* _EXERCISE DIRECTIONS_
Look in the material below for the line with "text \<open>An isomorphism" and the line with "(range (\<lambda>n. (T", then set down exactly those two lines and all lines between, nothing more.
========================
(* Let $(X_1,\|\cdot\|_1)$ and $(X_2,\|\cdot\|_2)$ be two isomorphic Banach spaces. Assume that, for each $\varepsilon>0$, $X_1$ admits a bounded linear operator which is $\varepsilon$-hypercyclic but not hypercyclic. Then, for each $\varepsilon>0$, $X_2$ admits a bounded linear operator which is $\varepsilon$-hypercyclic but not hypercyclic.
   Context: For $\varepsilon>0$, an operator $T$ on a Banach space $X$ is $\varepsilon$-hypercyclic if there is $x\in X$ such that for every $y\in X\setminus\{0\}$ there is $n\in\mathbb{N}$ with $\|T^nx-y\|\le\varepsilon\|y\|$; $T$ is hypercyclic if some orbit $\{T^nx:n\in\mathbb{N}\}$ is dense in $X$. *)

theory Defs
  imports "HOL-Analysis.Analysis"
begin

definition eps_hypercyclic :: "real \<Rightarrow> ('a::real_normed_vector \<Rightarrow> 'a) \<Rightarrow> bool" where
  "eps_hypercyclic \<epsilon> T \<longleftrightarrow>
     (\<exists>x. \<forall>y. y \<noteq> 0 \<longrightarrow> (\<exists>n::nat. norm ((T ^^ n) x - y) \<le> \<epsilon> * norm y))"

definition hypercyclic :: "('a::real_normed_vector \<Rightarrow> 'a) \<Rightarrow> bool" where
  "hypercyclic T \<longleftrightarrow> (\<exists>x. closure (range (\<lambda>n::nat. (T ^^ n) x)) = UNIV)"

definition isomorphic_banach :: "'a::banach itself \<Rightarrow> 'b::banach itself \<Rightarrow> bool" where
  "isomorphic_banach _ _ \<longleftrightarrow>
     (\<exists>S :: 'a \<Rightarrow> 'b. bounded_linear S \<and> bij S \<and> bounded_linear (inv S))"

end

theory Submission
  imports Defs
begin

text \<open>An isomorphism \<open>S\<close> conjugates \<open>T\<close> to \<open>S \<circ> T \<circ> inv S\<close>. Dense orbits are carried back to
  \<open>T\<close> by the continuous surjection \<open>inv S\<close>, while relative distances grow by at most the factor
  \<open>\<parallel>S\<parallel> \<parallel>S\<inverse>\<parallel>\<close>, so one starts from an \<open>\<epsilon>/(\<parallel>S\<parallel> \<parallel>S\<inverse>\<parallel>)\<close>-hypercyclic operator on the first space.\<close>

lemma funpow_semiconj:
  assumes "\<And>x. \<Phi> (U x) = T (\<Phi> x)"
  shows "\<Phi> ((U ^^ n) x) = (T ^^ n) (\<Phi> x)"
  by (induction n) (simp_all add: assms)

lemma hypercyclic_semiconj:
  assumes "hypercyclic U"
    and "\<And>x. \<Phi> (U x) = T (\<Phi> x)"
    and "continuous_on UNIV \<Phi>"
    and "surj \<Phi>"
  shows "hypercyclic T"
proof -
  obtain x where dense: "closure (range (\<lambda>n. (U ^^ n) x)) = UNIV"
    using assms(1) unfolding hypercyclic_def by blast
  have orbit_image: "\<Phi> ` range (\<lambda>n. (U ^^ n) x) = range (\<lambda>n. (T ^^ n) (\<Phi> x))"
    using funpow_semiconj[of \<Phi> U T] assms(2) by (auto simp: image_iff)
  have "UNIV = \<Phi> ` closure (range (\<lambda>n. (U ^^ n) x))"
    using dense assms(4) by simp
  also have "\<dots> \<subseteq> closure (range (\<lambda>n. (T ^^ n) (\<Phi> x)))"
    using continuous_on_subset[OF assms(3)] closure_subset[of "range (\<lambda>n. (T ^^ n) (\<Phi> x))"]
    unfolding orbit_image[symmetric] by (intro image_closure_subset) auto
  finally show ?thesis
    unfolding hypercyclic_def by blast
qed

lemma eps_hypercyclic_semiconj:
  assumes "eps_hypercyclic \<delta> U" "0 \<le> \<delta>"
    and "\<And>x. \<Phi> (U x) = T (\<Phi> x)"
    and "linear \<Phi>" "\<And>x. norm (\<Phi> x) \<le> K * norm x" "0 \<le> K"
    and "\<And>y. \<exists>x. \<Phi> x = y \<and> norm x \<le> K' * norm y"
  shows "eps_hypercyclic (\<delta> * K * K') T"
proof -
  obtain x where x: "\<And>y. y \<noteq> 0 \<Longrightarrow> \<exists>n. norm ((U ^^ n) x - y) \<le> \<delta> * norm y"
    using assms(1) unfolding eps_hypercyclic_def by blast
  have "\<exists>n. norm ((T ^^ n) (\<Phi> x) - y) \<le> \<delta> * K * K' * norm y" if "y \<noteq> 0" for y
  proof -
    obtain y' where y': "\<Phi> y' = y" "norm y' \<le> K' * norm y"
      using assms(7) by blast
    have "y' \<noteq> 0"
      using that y'(1) linear_0[OF assms(4)] by blast
    then obtain n where n: "norm ((U ^^ n) x - y') \<le> \<delta> * norm y'"
      using x by blast
    have "norm ((T ^^ n) (\<Phi> x) - y) = norm (\<Phi> ((U ^^ n) x - y'))"
      using funpow_semiconj[of \<Phi> U T] assms(3) y'(1) linear_diff[OF assms(4)] by simp
    also have "\<dots> \<le> K * norm ((U ^^ n) x - y')"
      by (fact assms(5))
    also have "\<dots> \<le> K * (\<delta> * (K' * norm y))"
      using n y'(2) assms(2,6) by (intro mult_left_mono order_trans[OF n]) auto
    finally have "norm ((T ^^ n) (\<Phi> x) - y) \<le> \<delta> * K * K' * norm y"
      by (simp add: algebra_simps)
    then show ?thesis ..
  qed
  then show ?thesis
    unfolding eps_hypercyclic_def by blast
qed

theorem proposition6p1:
  assumes "isomorphic_banach TYPE('a::banach) TYPE('b::banach)"
    and "\<forall>\<epsilon>>0. \<exists>T :: 'a \<Rightarrow> 'a. bounded_linear T \<and> eps_hypercyclic \<epsilon> T \<and> \<not> hypercyclic T"
  shows "\<forall>\<epsilon>>0. \<exists>T :: 'b \<Rightarrow> 'b. bounded_linear T \<and> eps_hypercyclic \<epsilon> T \<and> \<not> hypercyclic T"
proof (intro allI impI)
  fix \<epsilon> :: real assume "\<epsilon> > 0"
  obtain S :: "'a \<Rightarrow> 'b" where S: "bounded_linear S" "bij S" "bounded_linear (inv S)"
    using assms(1) unfolding isomorphic_banach_def by blast
  obtain K K' where K: "K > 0" "\<And>x. norm (S x) \<le> norm x * K"
    and K': "K' > 0" "\<And>y. norm (inv S y) \<le> norm y * K'"
    using bounded_linear.pos_bounded[OF S(1)] bounded_linear.pos_bounded[OF S(3)] by metis
  obtain T :: "'a \<Rightarrow> 'a" where T: "bounded_linear T" "eps_hypercyclic (\<epsilon> / (K * K')) T" "\<not> hypercyclic T"
    using assms(2) \<open>\<epsilon> > 0\<close> K(1) K'(1) by (meson divide_pos_pos mult_pos_pos)
  have S_inv: "\<And>y. S (inv S y) = y" "\<And>x. inv S (S x) = x"
    using S(2) by (simp_all add: bij_is_inj bij_is_surj surj_f_inv_f)
  have bounded_preimages: "\<exists>x. S x = y \<and> norm x \<le> K' * norm y" for y
    using S_inv(1) K'(2) by (metis mult.commute)
  let ?U = "\<lambda>y. S (T (inv S y))"
  have "bounded_linear ?U"
    using bounded_linear_compose[OF S(1) bounded_linear_compose[OF T(1) S(3)]] by (simp add: o_def)
  moreover have "eps_hypercyclic (\<epsilon> / (K * K') * K * K') ?U"
    using T(2) S_inv K K' \<open>\<epsilon> > 0\<close> bounded_linear.linear[OF S(1)] bounded_preimages
    by (intro eps_hypercyclic_semiconj[where \<Phi> = S]) (auto simp: mult.commute)
  moreover have "\<not> hypercyclic ?U"
  proof
    assume "hypercyclic ?U"
    then have "hypercyclic T"
      using S_inv(2) linear_continuous_on[OF S(3)] bij_is_surj[OF bij_imp_bij_inv[OF S(2)]]
      by (rule hypercyclic_semiconj[where \<Phi> = "inv S"])
    with T(3) show False ..
  qed
  ultimately show "\<exists>U :: 'b \<Rightarrow> 'b. bounded_linear U \<and> eps_hypercyclic \<epsilon> U \<and> \<not> hypercyclic U"
    using K(1) K'(1) by auto
qed

end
========================
* _PROBLEM SOLUTION_
text \<open>An isomorphism \<open>S\<close> conjugates \<open>T\<close> to \<open>S \<circ> T \<circ> inv S\<close>. Dense orbits are carried back to
  \<open>T\<close> by the continuous surjection \<open>inv S\<close>, while relative distances grow by at most the factor
  \<open>\<parallel>S\<parallel> \<parallel>S\<inverse>\<parallel>\<close>, so one starts from an \<open>\<epsilon>/(\<parallel>S\<parallel> \<parallel>S\<inverse>\<parallel>)\<close>-hypercyclic operator on the first space.\<close>

lemma funpow_semiconj:
  assumes "\<And>x. \<Phi> (U x) = T (\<Phi> x)"
  shows "\<Phi> ((U ^^ n) x) = (T ^^ n) (\<Phi> x)"
  by (induction n) (simp_all add: assms)

lemma hypercyclic_semiconj:
  assumes "hypercyclic U"
    and "\<And>x. \<Phi> (U x) = T (\<Phi> x)"
    and "continuous_on UNIV \<Phi>"
    and "surj \<Phi>"
  shows "hypercyclic T"
proof -
  obtain x where dense: "closure (range (\<lambda>n. (U ^^ n) x)) = UNIV"
    using assms(1) unfolding hypercyclic_def by blast
  have orbit_image: "\<Phi> ` range (\<lambda>n. (U ^^ n) x) = range (\<lambda>n. (T ^^ n) (\<Phi> x))"
    using funpow_semiconj[of \<Phi> U T] assms(2) by (auto simp: image_iff)
  have "UNIV = \<Phi> ` closure (range (\<lambda>n. (U ^^ n) x))"
    using dense assms(4) by simp
  also have "\<dots> \<subseteq> closure (range (\<lambda>n. (T ^^ n) (\<Phi> x)))"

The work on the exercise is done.